Welke gesprekken hebt u gevoerd, met welke partijen, en wat was hiervan de uitkomst?
Vraag 6
Wanneer beslist het kabinet over de tegemoetkoming voor schade als gevolg van omzetderving
in het vierde kwartaal van 2021? Deelt u onze mening dat het van belang is dat hierover
zo snel mogelijk duidelijkheid komt én gecommuniceerd wordt, zodat gedupeerden weten
waar zij aan toe zijn?
Vraag 7
Wanneer is de verkenning naar een tegemoetkoming voor schadegevallen in de uiterwaarden
langs de Maas afgerond? Worden daarin ook de gebieden in Brabant ten noorden van Boxmeer
meegenomen? Kunt u nog eens toelichten in hoeverre gedupeerden buiten het schadegebied
op grond van de Wet tegemoetkoming schade bij rampen (Wts) maar binnen het overstromingsgebied
van een andere Nederlandse rivier dan de Maas in aanmerking zullen komen voor schadevergoeding?

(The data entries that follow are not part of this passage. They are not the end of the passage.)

theorem proposition2p5:
  fixes m k :: nat and p q :: "real poly" and t :: "nat \<Rightarrow> real"
  assumes "1 \<le> k" and "k \<le> m"
    and "degree p \<le> 2 * m - k - 1"
    and "degree q \<le> k - 1"
    and "inj_on t {1..m}"
    and "\<And>i. i \<in> {1..m} \<Longrightarrow> 0 < t i \<and> t i < 1"
    and "\<And>i. i \<in> {1..m} \<Longrightarrow>
           poly (poly_even p) (t i) + poly (poly_odd q) (t i) * (1 - (t i)\<^sup>2) ^ (m - k) = 0"
    and "\<And>i. i \<in> {1..m} \<Longrightarrow>
           poly (poly_odd p) (t i) + poly (poly_even q) (t i) * (1 - (t i)\<^sup>2) ^ (m - k) = 0"
  shows "p = 0 \<and> q = 0"
proof -
  define n d where "n = m - k" and "d = k - 1"
  define w :: "real poly" where "w = [:1, 0, -1:] ^ n"
  have card: "card {1..m} = n + d + 1" and deg_p: "degree p \<le> 2 * n + d" and deg_q: "degree q \<le> d"
    using assms(1-4) by (simp_all add: n_def d_def)
  have poly_w: "poly w x = (1 - x\<^sup>2) ^ n" for x
    by (simp add: w_def power2_eq_square)
  have "degree (w * q) \<le> 2 * n + d"
    using degree_mult_le[of w q] degree_power_le[of "[:1, 0, -1::real:]" n] deg_q by (simp add: w_def)
  then have deg: "degree (p + w * q) \<le> 2 * n + d" "degree (p - w * q) \<le> 2 * n + d"
    using deg_p by (meson degree_add_le degree_diff_le)+
  have "has_distinct_roots (p + w * q) {0<..<1} (n + d + 1)"
    and "has_distinct_roots (p - w * q) {-1<..<0} (n + d + 1)"
    unfolding card[symmetric] using assms(7,8)
    by (intro has_distinct_roots_add_diff_if_even_odd[OF finite_atLeastAtMost assms(5,6)];
        simp add: poly_w n_def)+
  moreover have "coeff (cayley_poly (2 * n + d) (p + w * q)) e = coeff (cayley_poly (2 * n + d) (p - w * q)) e"
    if "e < n \<or> n + d < e" for e
    using coeff_cayley_poly_one_minus_square_power_mult[OF deg_q that]
    by (simp add: cayley_poly_add cayley_poly_diff w_def)
  ultimately have sum_diff: "p + w * q = 0 \<and> p - w * q = 0"
    using eq_0_if_cayley_polys_agree_off_block[OF deg] by blast
  then have "w * q = 0" by algebra
  moreover have "w \<noteq> 0" by (simp add: w_def)
  ultimately show ?thesis using sum_diff by simp
qed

Vindt u net als wij dat hierover zo snel mogelijk uitsluitsel moet worden gegeven,
zodat er duidelijkheid komt voor gedupeerden, zoals ondernemers die forse investeringsbeslissingen
moeten nemen?
Vraag 8
Is het voor gedupeerde agrarisch ondernemers binnen het Wts-schadegebied mogelijk
alvast hun gronden te bewerken zonder het recht op schadevergoeding te verliezen,
wetende dat kleigrond in de praktijk maar in een beperkt tijdsvenster bewerkt kan
worden en vóór de winter een hoofdgrondbewerking moet hebben gehad? Zo ja, hoe weten
ondernemers zich hiervan verzekerd? Zo nee, kan dit wel wanneer een erkende taxateur
het door waterschade vernietigde gewas getaxeerd heeft? Heeft dit financiële consequenties
voor de betreffende ondernemer?
Vraag 9
Acht u het verstandig om, met het oog op een eventuele aanvraag voor het EU-Solidariteitsfonds,
de totale schade aan landbouwgewassen zo snel mogelijk in beeld te hebben en hiervoor
landbouwers die buiten het Wts-gebied maar binnen het overstromingsgebied van de Maas
vallen hun schade alvast te laten opgeven bij bijv. een meldpunt, zodat een juister
en completer beeld ontstaat van de totale schade? Waarom wel/niet?
Vraag 10
In hoeverre is overwogen om de Wts ook van toepassing te verklaren op de gevolgen
van de hevige neerslag op dinsdagavond 29 juni 2021, die in gemeentes als Meerssen,
Kerkrade en Landgraaf tot ernstige wateroverlast en forse schade heeft geleid? Bent
u met deze gemeenten in gesprek?
Vraag 11
Welke maatregelen zijn denkbaar om ondernemers in de toekomst financieel weerbaarder
te maken voor de gevolgen van klimaatverandering, zoals de overstromingen deze zomer,
bijv. door uitbreiding van de brede weersverzekering? Bent u bereid dit te onderzoeken?
Vraag 12
Kunt u deze vragen zo snel mogelijk beantwoorden?